> TASK MATERIAL:
= Beginning of Section =

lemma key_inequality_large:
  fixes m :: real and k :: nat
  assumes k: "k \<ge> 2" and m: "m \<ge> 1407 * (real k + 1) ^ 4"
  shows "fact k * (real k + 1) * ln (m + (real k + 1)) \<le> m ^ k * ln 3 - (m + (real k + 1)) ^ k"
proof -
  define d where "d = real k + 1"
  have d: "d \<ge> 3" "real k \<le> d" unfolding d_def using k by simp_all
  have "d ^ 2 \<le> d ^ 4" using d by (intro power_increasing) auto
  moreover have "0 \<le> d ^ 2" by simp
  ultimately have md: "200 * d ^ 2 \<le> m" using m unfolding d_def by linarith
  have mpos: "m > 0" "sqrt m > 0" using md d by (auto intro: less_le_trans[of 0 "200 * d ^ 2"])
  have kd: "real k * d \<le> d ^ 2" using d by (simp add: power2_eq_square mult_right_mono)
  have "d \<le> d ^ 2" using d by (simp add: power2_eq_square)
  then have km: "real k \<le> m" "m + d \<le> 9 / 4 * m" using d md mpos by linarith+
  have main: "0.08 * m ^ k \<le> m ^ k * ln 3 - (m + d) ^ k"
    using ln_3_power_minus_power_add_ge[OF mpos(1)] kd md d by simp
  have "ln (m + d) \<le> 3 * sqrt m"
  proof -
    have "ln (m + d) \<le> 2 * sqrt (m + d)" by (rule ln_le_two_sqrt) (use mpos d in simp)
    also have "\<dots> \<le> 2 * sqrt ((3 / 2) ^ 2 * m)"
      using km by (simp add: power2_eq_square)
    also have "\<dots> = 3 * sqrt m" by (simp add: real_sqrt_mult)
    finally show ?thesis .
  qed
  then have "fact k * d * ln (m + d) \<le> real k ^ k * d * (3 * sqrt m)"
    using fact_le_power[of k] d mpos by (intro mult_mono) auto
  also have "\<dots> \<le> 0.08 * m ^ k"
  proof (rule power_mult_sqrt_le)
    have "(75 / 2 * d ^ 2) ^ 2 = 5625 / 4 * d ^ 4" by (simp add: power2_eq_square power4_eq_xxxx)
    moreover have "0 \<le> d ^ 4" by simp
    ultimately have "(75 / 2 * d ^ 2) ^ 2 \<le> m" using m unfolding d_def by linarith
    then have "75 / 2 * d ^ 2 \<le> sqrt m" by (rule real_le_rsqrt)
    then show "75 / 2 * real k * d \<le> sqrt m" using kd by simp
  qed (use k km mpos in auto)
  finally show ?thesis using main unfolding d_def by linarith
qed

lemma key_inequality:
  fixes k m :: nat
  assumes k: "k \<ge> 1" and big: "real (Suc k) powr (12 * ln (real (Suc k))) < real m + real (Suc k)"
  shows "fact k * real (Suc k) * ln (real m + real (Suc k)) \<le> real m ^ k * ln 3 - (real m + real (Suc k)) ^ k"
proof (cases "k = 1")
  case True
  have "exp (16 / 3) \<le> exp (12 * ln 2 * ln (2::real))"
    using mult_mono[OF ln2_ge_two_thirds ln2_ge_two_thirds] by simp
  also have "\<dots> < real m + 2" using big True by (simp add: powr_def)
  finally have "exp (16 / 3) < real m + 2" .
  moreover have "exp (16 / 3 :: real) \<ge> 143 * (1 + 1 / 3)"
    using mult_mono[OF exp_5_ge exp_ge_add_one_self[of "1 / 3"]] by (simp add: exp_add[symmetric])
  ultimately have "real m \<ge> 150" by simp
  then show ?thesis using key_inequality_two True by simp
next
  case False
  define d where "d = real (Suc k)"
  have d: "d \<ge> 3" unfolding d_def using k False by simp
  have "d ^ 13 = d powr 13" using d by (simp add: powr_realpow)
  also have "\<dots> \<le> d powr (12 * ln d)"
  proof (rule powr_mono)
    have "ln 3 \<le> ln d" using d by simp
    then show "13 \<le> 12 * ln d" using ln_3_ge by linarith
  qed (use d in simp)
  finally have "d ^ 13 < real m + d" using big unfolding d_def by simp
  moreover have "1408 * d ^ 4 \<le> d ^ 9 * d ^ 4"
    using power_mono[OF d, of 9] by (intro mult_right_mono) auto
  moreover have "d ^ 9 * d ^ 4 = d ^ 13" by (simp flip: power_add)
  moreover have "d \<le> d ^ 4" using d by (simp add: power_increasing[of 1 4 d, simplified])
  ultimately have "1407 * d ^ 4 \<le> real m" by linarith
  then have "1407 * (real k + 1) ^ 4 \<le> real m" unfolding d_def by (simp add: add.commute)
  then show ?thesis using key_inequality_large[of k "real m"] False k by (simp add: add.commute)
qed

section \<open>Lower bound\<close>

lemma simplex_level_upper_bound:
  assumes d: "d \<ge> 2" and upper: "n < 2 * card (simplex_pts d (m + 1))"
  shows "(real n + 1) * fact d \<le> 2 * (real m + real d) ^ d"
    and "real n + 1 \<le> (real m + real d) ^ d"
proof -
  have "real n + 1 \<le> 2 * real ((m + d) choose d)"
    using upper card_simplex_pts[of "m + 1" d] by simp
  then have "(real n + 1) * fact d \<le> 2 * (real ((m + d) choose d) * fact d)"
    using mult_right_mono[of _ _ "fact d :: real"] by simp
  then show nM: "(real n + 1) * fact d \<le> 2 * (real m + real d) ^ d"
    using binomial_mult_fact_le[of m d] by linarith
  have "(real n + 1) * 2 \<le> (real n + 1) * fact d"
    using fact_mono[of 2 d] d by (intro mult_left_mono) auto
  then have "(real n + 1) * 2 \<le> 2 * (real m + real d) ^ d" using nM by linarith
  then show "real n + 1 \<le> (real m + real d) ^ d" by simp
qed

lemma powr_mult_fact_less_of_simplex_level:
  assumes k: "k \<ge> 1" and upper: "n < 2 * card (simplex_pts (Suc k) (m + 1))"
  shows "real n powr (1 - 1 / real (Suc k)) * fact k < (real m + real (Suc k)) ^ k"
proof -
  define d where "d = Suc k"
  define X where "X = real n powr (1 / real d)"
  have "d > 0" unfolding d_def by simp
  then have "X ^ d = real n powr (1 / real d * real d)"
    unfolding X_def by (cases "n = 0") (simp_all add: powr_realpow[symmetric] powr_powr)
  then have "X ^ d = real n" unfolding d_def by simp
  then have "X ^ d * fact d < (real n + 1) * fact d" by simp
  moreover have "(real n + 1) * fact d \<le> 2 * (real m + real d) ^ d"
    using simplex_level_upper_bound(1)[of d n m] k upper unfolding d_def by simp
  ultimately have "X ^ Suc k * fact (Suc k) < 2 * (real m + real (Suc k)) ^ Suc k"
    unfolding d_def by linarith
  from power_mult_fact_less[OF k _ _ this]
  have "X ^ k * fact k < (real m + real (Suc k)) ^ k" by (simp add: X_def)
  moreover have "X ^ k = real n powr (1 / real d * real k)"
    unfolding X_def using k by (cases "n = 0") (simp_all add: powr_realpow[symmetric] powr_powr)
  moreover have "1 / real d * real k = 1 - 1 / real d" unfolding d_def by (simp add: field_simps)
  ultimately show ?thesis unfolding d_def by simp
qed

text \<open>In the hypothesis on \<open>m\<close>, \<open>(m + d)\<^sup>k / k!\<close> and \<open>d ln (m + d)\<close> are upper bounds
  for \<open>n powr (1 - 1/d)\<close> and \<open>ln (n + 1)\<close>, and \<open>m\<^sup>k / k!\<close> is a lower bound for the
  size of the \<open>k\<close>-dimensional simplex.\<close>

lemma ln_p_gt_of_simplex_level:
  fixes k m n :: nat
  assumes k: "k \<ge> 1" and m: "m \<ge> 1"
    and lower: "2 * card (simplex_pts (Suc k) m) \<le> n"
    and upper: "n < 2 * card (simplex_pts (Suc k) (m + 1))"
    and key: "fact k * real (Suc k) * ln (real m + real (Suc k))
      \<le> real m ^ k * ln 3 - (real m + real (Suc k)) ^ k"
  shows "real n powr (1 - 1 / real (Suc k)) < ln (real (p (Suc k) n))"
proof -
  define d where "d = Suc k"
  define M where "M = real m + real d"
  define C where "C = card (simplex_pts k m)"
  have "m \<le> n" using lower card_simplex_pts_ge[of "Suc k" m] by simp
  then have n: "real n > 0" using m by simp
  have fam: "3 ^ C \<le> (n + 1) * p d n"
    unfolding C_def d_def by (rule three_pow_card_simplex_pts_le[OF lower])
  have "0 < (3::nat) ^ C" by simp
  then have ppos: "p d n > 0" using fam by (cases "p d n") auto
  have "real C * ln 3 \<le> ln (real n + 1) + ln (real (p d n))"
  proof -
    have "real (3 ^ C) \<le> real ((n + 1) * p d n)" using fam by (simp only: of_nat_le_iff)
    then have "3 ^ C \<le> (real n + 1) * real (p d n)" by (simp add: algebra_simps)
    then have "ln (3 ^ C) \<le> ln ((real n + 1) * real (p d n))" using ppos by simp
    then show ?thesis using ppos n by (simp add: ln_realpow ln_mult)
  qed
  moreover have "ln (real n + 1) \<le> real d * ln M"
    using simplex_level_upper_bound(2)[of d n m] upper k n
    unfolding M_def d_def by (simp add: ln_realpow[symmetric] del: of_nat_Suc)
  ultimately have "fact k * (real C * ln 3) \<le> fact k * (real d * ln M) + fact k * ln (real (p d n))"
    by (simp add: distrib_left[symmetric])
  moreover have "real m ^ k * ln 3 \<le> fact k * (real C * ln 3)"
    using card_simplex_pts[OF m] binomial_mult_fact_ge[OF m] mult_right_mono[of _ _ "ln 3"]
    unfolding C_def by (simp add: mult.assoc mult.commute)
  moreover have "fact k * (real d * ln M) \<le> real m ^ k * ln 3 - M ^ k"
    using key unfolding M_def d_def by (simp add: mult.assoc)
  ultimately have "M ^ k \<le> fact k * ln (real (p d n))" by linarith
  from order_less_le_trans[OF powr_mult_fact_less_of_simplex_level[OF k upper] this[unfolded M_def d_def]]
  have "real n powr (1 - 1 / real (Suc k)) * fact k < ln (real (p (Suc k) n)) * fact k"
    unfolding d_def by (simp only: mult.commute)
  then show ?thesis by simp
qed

= End of Section =

> GOAL OF THE EXERCISE: Restate, word for word and with nothing added, the lines from the beginning of the records above through the line that contains "by (rule real_le_rsqrt)".

> ANSWER BOX:
lemma key_inequality_large:
  fixes m :: real and k :: nat
  assumes k: "k \<ge> 2" and m: "m \<ge> 1407 * (real k + 1) ^ 4"
  shows "fact k * (real k + 1) * ln (m + (real k + 1)) \<le> m ^ k * ln 3 - (m + (real k + 1)) ^ k"
proof -
  define d where "d = real k + 1"
  have d: "d \<ge> 3" "real k \<le> d" unfolding d_def using k by simp_all
  have "d ^ 2 \<le> d ^ 4" using d by (intro power_increasing) auto
  moreover have "0 \<le> d ^ 2" by simp
  ultimately have md: "200 * d ^ 2 \<le> m" using m unfolding d_def by linarith
  have mpos: "m > 0" "sqrt m > 0" using md d by (auto intro: less_le_trans[of 0 "200 * d ^ 2"])
  have kd: "real k * d \<le> d ^ 2" using d by (simp add: power2_eq_square mult_right_mono)
  have "d \<le> d ^ 2" using d by (simp add: power2_eq_square)
  then have km: "real k \<le> m" "m + d \<le> 9 / 4 * m" using d md mpos by linarith+
  have main: "0.08 * m ^ k \<le> m ^ k * ln 3 - (m + d) ^ k"
    using ln_3_power_minus_power_add_ge[OF mpos(1)] kd md d by simp
  have "ln (m + d) \<le> 3 * sqrt m"
  proof -
    have "ln (m + d) \<le> 2 * sqrt (m + d)" by (rule ln_le_two_sqrt) (use mpos d in simp)
    also have "\<dots> \<le> 2 * sqrt ((3 / 2) ^ 2 * m)"
      using km by (simp add: power2_eq_square)
    also have "\<dots> = 3 * sqrt m" by (simp add: real_sqrt_mult)
    finally show ?thesis .
  qed
  then have "fact k * d * ln (m + d) \<le> real k ^ k * d * (3 * sqrt m)"
    using fact_le_power[of k] d mpos by (intro mult_mono) auto
  also have "\<dots> \<le> 0.08 * m ^ k"
  proof (rule power_mult_sqrt_le)
    have "(75 / 2 * d ^ 2) ^ 2 = 5625 / 4 * d ^ 4" by (simp add: power2_eq_square power4_eq_xxxx)
    moreover have "0 \<le> d ^ 4" by simp
    ultimately have "(75 / 2 * d ^ 2) ^ 2 \<le> m" using m unfolding d_def by linarith
    then have "75 / 2 * d ^ 2 \<le> sqrt m" by (rule real_le_rsqrt)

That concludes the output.